(* For all $k\geq 1$ there is $N$ such that every irreducible graph $G=(V,E)$ with $|V|\geq N$ contains an element of $Irr(k)$ as an induced subgraph.
   Context: For a graph $G=(V,E)$ define $x\sim_G y$ if for all $z\in V\setminus\{x,y\}$, $xz\in E$ iff $yz\in E$; this is an equivalence relation. $G$ is irreducible if every $\sim_G$-class has size $1$. For $k\ge1$, $Irr(k)$ is the set of all graphs on the vertex set $\{a_1,\dots,a_k,b_1,\dots,b_k\}$ ($2k$ distinct vertices) such that one of the following holds: (i) for all $i,j\in[k]$, $a_ib_j\in E$ iff $i\le j$; (ii) for all $i,j\in[k]$, $a_ib_j\in E$ iff $i=j$; (iii) for all $i,j\in[k]$, $a_ib_j\in E$ iff $i\ne j$. (Edges among the $a_i$'s and among the $b_j$'s are unrestricted.) *)

theory Defs
  imports Main
begin

definition graph :: "'a set \<Rightarrow> ('a \<Rightarrow> 'a \<Rightarrow> bool) \<Rightarrow> bool" where
  "graph V E \<longleftrightarrow> finite V \<and> (\<forall>x\<in>V. \<forall>y\<in>V. E x y \<longleftrightarrow> E y x) \<and> (\<forall>x\<in>V. \<not> E x x)"

definition twin_rel :: "'a set \<Rightarrow> ('a \<Rightarrow> 'a \<Rightarrow> bool) \<Rightarrow> 'a \<Rightarrow> 'a \<Rightarrow> bool" where
  "twin_rel V E x y \<longleftrightarrow> (\<forall>z \<in> V - {x, y}. E x z \<longleftrightarrow> E y z)"

definition irreducible :: "'a set \<Rightarrow> ('a \<Rightarrow> 'a \<Rightarrow> bool) \<Rightarrow> bool" where
  "irreducible V E \<longleftrightarrow> (\<forall>x\<in>V. card {y\<in>V. twin_rel V E x y} = 1)"

text \<open>Vertex set of Irr(k): a_i = Inl i, b_j = Inr j, i,j in {1..k}.\<close>

definition irr_vertices :: "nat \<Rightarrow> (nat + nat) set" where
  "irr_vertices k = Inl ` {1..k} \<union> Inr ` {1..k}"

definition in_Irr :: "nat \<Rightarrow> (nat + nat \<Rightarrow> nat + nat \<Rightarrow> bool) \<Rightarrow> bool" where
  "in_Irr k H \<longleftrightarrow> graph (irr_vertices k) H \<and>
     ((\<forall>i\<in>{1..k}. \<forall>j\<in>{1..k}. H (Inl i) (Inr j) \<longleftrightarrow> i \<le> j) \<or>
      (\<forall>i\<in>{1..k}. \<forall>j\<in>{1..k}. H (Inl i) (Inr j) \<longleftrightarrow> i = j) \<or>
      (\<forall>i\<in>{1..k}. \<forall>j\<in>{1..k}. H (Inl i) (Inr j) \<longleftrightarrow> i \<noteq> j))"

definition induced_subgraph ::
  "'b set \<Rightarrow> ('b \<Rightarrow> 'b \<Rightarrow> bool) \<Rightarrow> 'a set \<Rightarrow> ('a \<Rightarrow> 'a \<Rightarrow> bool) \<Rightarrow> bool" where
  "induced_subgraph W H V E \<longleftrightarrow>
     (\<exists>f. inj_on f W \<and> f ` W \<subseteq> V \<and> (\<forall>u\<in>W. \<forall>v\<in>W. H u v \<longleftrightarrow> E (f u) (f v)))"

end
(* Let $J'\subseteq J$ be nonempty, $t_o\in[0,T-\sum_{j\in J'}p_j]$, and let $\alpha$, $c_1<\dots<c_m$, $M$ and $B_\alpha$ be as in the context. Let $1\le q<m$ and let $t_\alpha\in[c_q,c_{q+1})$ with $t_\alpha\in[t_o,t_e-p_\alpha]$ and $t_\alpha\notin B_\alpha$. Let $j,k\in J'\setminus\{\alpha\}$ with $M(j)\le q<M(k)$. Then for every partial schedule of $J'$ starting at $t_o$ in which $\alpha$ starts at time $t_\alpha$, job $j$ is processed before $\alpha$ and job $k$ is processed after $\alpha$, no relation of the dominance rule between $\alpha$ and $j$, between $\alpha$ and $k$, or between $j$ and $k$ is violated (regardless of the start times of $j$ and $k$).
   Context: $J$ is a finite set of jobs; job $j$ has processing time $p_j>0$ and weight $w_j>0$; $T=\sum_{j\in J}p_j$. For $J'\subseteq J$ and $t_o\ge0$, a partial schedule of $J'$ starting at $t_o$ is an ordering of $J'$ processed consecutively without idle time from time $t_o$; job $j$ has (absolute) start time $t_j$. For $t\ge 0$, $\varphi_j(t)=\frac{w_j}{p_j(p_j+t)}$. For jobs $i,j$ with $w_ip_j\neq w_jp_i$, $t^*_{ij}=\frac{w_jp_i^2-w_ip_j^2}{w_ip_j-w_jp_i}$ (the unique real $t$ with $\varphi_i(t)=\varphi_j(t)$). Dominance rule: for an interval $I\subseteq[0,\infty)$, the relation "$i$ dominates $j$ on $I$" is violated by a (partial) schedule if $j$ is processed before $i$ and both $t_j\in I$ and $t_i-p_j\in I$. The rule contains, for each pair of distinct jobs $i,j$ with $(p_i,w_i)\ne(p_j,w_j)$: (1) if $\varphi_i(t)\ge\varphi_j(t)$ for all $t\ge 0$, "$i$ dominates $j$ on $[0,\infty)$"; (2) otherwise, if $\varphi_j(t)\ge\varphi_i(t)$ for all $t\ge0$, "$j$ dominates $i$ on $[0,\infty)$"; (3) otherwise, labelling the pair so that $\varphi_i(0)>\varphi_j(0)$, $t^*_{ij}>0$ is defined and the rule contains "$i$ dominates $j$ on $[0,t^*_{ij})$" and "$j$ dominates $i$ on $[t^*_{ij},\infty)$". Banned set: for $i\in J$, $B_i$ is the union over all $j\in J\setminus\{i\}$ with $\varphi_i(0)>\varphi_j(0)$, $w_ip_j\ne w_jp_i$ and $t^*_{ij}\in(0,T)$ of the intervals $[t^*_{ij},t^*_{ij}+p_j)$. Subproblem data: $t_e=t_o+\sum_{j\in J'}p_j$; $\alpha\in J'$ maximizes $\varphi_i(t_o)$ over $i\in J'$, ties broken in favour of maximum $\varphi_i(t_e)$; for $j\in J'\setminus\{\alpha\}$ with $t^*_{\alpha j}$ defined, $c_{\alpha j}=t^*_{\alpha j}+p_j$; $C=\{c_{\alpha j}: j\in J'\setminus\{\alpha\},\ t^*_{\alpha j}\text{ defined},\ c_{\alpha j}\in(t_o,t_e)\}\cup\{t_o,t_e\}$ with distinct elements $t_o=c_1<\dots<c_m=t_e$; $M(\alpha)=1$, and for $j\neq\alpha$, $M(j)=r$ if $t^*_{\alpha j}$ is defined, $t^*_{\alpha j}\in(t_o,t_e)$ and $c_{\alpha j}=c_r$ for some $r\le m$, and $M(j)=|J'|+1$ otherwise. *)

theory Defs
  imports Main "HOL.Real"
begin

(* Jobs have type 'a; p, w :: 'a => real are processing times and weights. *)

definition phi :: "('a \<Rightarrow> real) \<Rightarrow> ('a \<Rightarrow> real) \<Rightarrow> 'a \<Rightarrow> real \<Rightarrow> real" where
  "phi p w j t = w j / (p j * (p j + t))"

definition tstar_defined :: "('a \<Rightarrow> real) \<Rightarrow> ('a \<Rightarrow> real) \<Rightarrow> 'a \<Rightarrow> 'a \<Rightarrow> bool" where
  "tstar_defined p w i j \<longleftrightarrow> w i * p j \<noteq> w j * p i"

definition tstar :: "('a \<Rightarrow> real) \<Rightarrow> ('a \<Rightarrow> real) \<Rightarrow> 'a \<Rightarrow> 'a \<Rightarrow> real" where
  "tstar p w i j = (w j * (p i)^2 - w i * (p j)^2) / (w i * p j - w j * p i)"

definition dominates ::
  "'a set \<Rightarrow> ('a \<Rightarrow> real) \<Rightarrow> ('a \<Rightarrow> real) \<Rightarrow> 'a \<Rightarrow> 'a \<Rightarrow> real set \<Rightarrow> bool" where
  "dominates J p w i j I \<longleftrightarrow>
     i \<in> J \<and> j \<in> J \<and> i \<noteq> j \<and> (p i, w i) \<noteq> (p j, w j) \<and>
     ( ((\<forall>t\<ge>0. phi p w j t \<le> phi p w i t) \<and> I = {0..})
     \<or> (\<not> (\<forall>t\<ge>0. phi p w j t \<le> phi p w i t) \<and> \<not> (\<forall>t\<ge>0. phi p w i t \<le> phi p w j t) \<and>
          phi p w i 0 > phi p w j 0 \<and> I = {0..<tstar p w i j})
     \<or> (\<not> (\<forall>t\<ge>0. phi p w j t \<le> phi p w i t) \<and> \<not> (\<forall>t\<ge>0. phi p w i t \<le> phi p w j t) \<and>
          phi p w j 0 > phi p w i 0 \<and> I = {tstar p w j i..}))"
lemma num_particles_fun_upd:
  assumes "x \<in> Vstar N"
  shows "num_particles N (\<xi>(x := v)) + \<xi> x = num_particles N \<xi> + v"
proof -
  have "num_particles N (\<xi>(x := v)) = v + (\<Sum>y\<in>Vstar N - {x}. \<xi> y)"
    unfolding num_particles_def using assms by (simp add: sum.remove)
  moreover have "num_particles N \<xi> = \<xi> x + (\<Sum>y\<in>Vstar N - {x}. \<xi> y)"
    unfolding num_particles_def using assms by (simp add: sum.remove)
  ultimately show ?thesis by simp
qed

lemma num_particles_remove:
  "x \<in> Vstar N \<Longrightarrow> 0 < \<xi> x \<Longrightarrow> num_particles N (\<xi>(x := \<xi> x - 1)) = num_particles N \<xi> - 1"
  using num_particles_fun_upd[of x N \<xi> "\<xi> x - 1"] by simp

lemma num_particles_move_particle:
  assumes "i \<in> Vstar N" "j \<in> Vstar N" "0 < \<xi> i"
  shows "num_particles N (move_particle \<xi> i j) = num_particles N \<xi>"
  using num_particles_fun_upd[OF assms(2), of "\<xi>(i := \<xi> i - 1)" "(\<xi>(i := \<xi> i - 1)) j + 1"]
    num_particles_fun_upd[OF assms(1), of \<xi> "\<xi> i - 1"] assms(3)
  unfolding move_particle_def by simp

lemma finite_level: "finite (level N Lam K)"
proof (rule finite_subset)
  show "level N Lam K \<subseteq> {f. \<forall>x. (x \<in> Vstar N \<longrightarrow> f x \<in> {..K}) \<and> (x \<notin> Vstar N \<longrightarrow> f x = 0)}"
    using le_num_particles by (fastforce simp: level_def Omega_def)
  show "finite {f. \<forall>x. (x \<in> Vstar N \<longrightarrow> f x \<in> {..K}) \<and> (x \<notin> Vstar N \<longrightarrow> f x = (0::nat))}"
    by (rule finite_set_of_finite_funs) auto
qed

lemma phi_nths_apply: "phi (nths xs I) x = card {i \<in> I. i < length xs \<and> xs ! i = x}"
proof -
  have "count_list (nths xs I) x = length (filter (\<lambda>p. x = fst p \<and> snd p \<in> I) (zip xs [0..<length xs]))"
    unfolding count_list_eq_length_filter nths_def
    by (simp add: filter_map filter_filter comp_def conj_commute)
  also have "\<dots> = card {i \<in> I. i < length xs \<and> xs ! i = x}"
    unfolding length_filter_conv_card by (intro arg_cong[where f = card]) (auto simp: nth_zip)
  finally show ?thesis unfolding phi_def .
qed

lemma phi_nths_Diff_singleton:
  assumes "j \<in> J" "j < length xs"
  shows "phi (nths xs (J - {j})) = (phi (nths xs J))(xs ! j := phi (nths xs J) (xs ! j) - 1)"
proof
  fix y
  have "{i \<in> J - {j}. i < length xs \<and> xs ! i = y} =
      {i \<in> J. i < length xs \<and> xs ! i = y} - (if y = xs ! j then {j} else {})"
    by auto
  then show "phi (nths xs (J - {j})) y = ((phi (nths xs J))(xs ! j := phi (nths xs J) (xs ! j) - 1)) y"
    using assms by (simp add: phi_nths_apply card_Diff_singleton)
qed

lemma num_particles_phi: "set xs \<subseteq> Vstar N \<Longrightarrow> num_particles N (phi xs) = length xs"
  unfolding num_particles_def phi_def by (rule sum_count_set) simp_all

lemma phi_in_Omega_imp_subset: "phi xs \<in> Omega N Lam \<Longrightarrow> set xs \<subseteq> Vstar N"
  by (force simp: Omega_def phi_def count_list_0_iff)

lemma ex_list_phi_eq:
  assumes "\<xi> \<in> Omega N Lam"
  obtains ys where "phi ys = \<xi>" "set ys \<subseteq> Vstar N" "length ys = num_particles N \<xi>"
proof
  define ys where "ys = concat (map (\<lambda>x. replicate (\<xi> x) x) [0..<Suc (Suc N)])"
  have count_replicate: "count_list (replicate k x) y = (if x = y then k else 0)" for k x y
    by (induction k) auto
  have "count_list (concat (map (\<lambda>x. replicate (\<xi> x) x) [0..<M])) y = (if y < M then \<xi> y else 0)"
    for M y by (induction M) (auto simp: count_replicate less_Suc_eq)
  then have count_ys: "count_list ys y = (if y < Suc (Suc N) then \<xi> y else 0)" for y
    unfolding ys_def .
  show "phi ys = \<xi>"
    using assms by (auto simp: phi_def count_ys Omega_def Vstar_def)
  show "set ys \<subseteq> Vstar N" unfolding ys_def by (auto simp: Vstar_def)
  then show "length ys = num_particles N \<xi>"
    using num_particles_phi \<open>phi ys = \<xi>\<close> by metis
qed

lemma glue_in_Omega: "\<zeta> \<in> BulkConf N Lam \<Longrightarrow> \<xi> \<in> Omega N Lam \<Longrightarrow> glue N \<zeta> \<xi> \<in> Omega N Lam"
  by (auto simp: glue_def Omega_def BulkConf_def Vstar_def Vbulk_def)

section \<open>Annihilation on subconfigurations\<close>

lemma sum_subsets_card_Suc_remove:
  fixes h :: "'a set \<Rightarrow> 'b::comm_semiring_1"
  assumes "finite J"
  shows "(\<Sum>I | I \<subseteq> J \<and> card I = Suc s. \<Sum>i\<in>I. h (I - {i}))
       = of_nat (card J - s) * (\<Sum>I | I \<subseteq> J \<and> card I = s. h I)"
proof -
  let ?S1 = "{I. I \<subseteq> J \<and> card I = Suc s}" and ?S0 = "{I. I \<subseteq> J \<and> card I = s}"
  have fin: "finite ?S1" "finite ?S0" "\<And>I. I \<subseteq> J \<Longrightarrow> finite I"
    using assms by (auto intro: finite_subset[of _ "Pow J"] finite_subset)
  have "(\<Sum>I\<in>?S1. \<Sum>i\<in>I. h (I - {i})) = (\<Sum>(I, i)\<in>Sigma ?S1 (\<lambda>I. I). h (I - {i}))"
    using fin by (intro sum.Sigma) auto
  also have "\<dots> = (\<Sum>(I, i)\<in>Sigma ?S0 (\<lambda>I. J - I). h I)"
    by (rule sum.reindex_bij_witness[where j = "\<lambda>(I, i). (I - {i}, i)" and i = "\<lambda>(I, i). (insert i I, i)"])
      (use fin in \<open>auto simp: card_insert_if\<close>)
  also have "\<dots> = (\<Sum>I\<in>?S0. of_nat (card J - s) * h I)"
    using fin by (subst sum.Sigma[symmetric]) (auto simp: card_Diff_subset)
  finally show ?thesis by (simp add: sum_distrib_left)
qed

_ _ _ _ _

§ **INSTRUCTIONS TO FOLLOW**: Your answer must consist solely of the lines above between the line holding "Suc s. \<Sum>i\<in>I." and the line holding "using assms by (auto intro: finite_subset[of", inclusive, copied exactly.

§ **ANSWER TO THE EXERCISE**:
  shows "(\<Sum>I | I \<subseteq> J \<and> card I = Suc s. \<Sum>i\<in>I. h (I - {i}))
       = of_nat (card J - s) * (\<Sum>I | I \<subseteq> J \<and> card I = s. h I)"
proof -
  let ?S1 = "{I. I \<subseteq> J \<and> card I = Suc s}" and ?S0 = "{I. I \<subseteq> J \<and> card I = s}"
  have fin: "finite ?S1" "finite ?S0" "\<And>I. I \<subseteq> J \<Longrightarrow> finite I"
    using assms by (auto intro: finite_subset[of _ "Pow J"] finite_subset)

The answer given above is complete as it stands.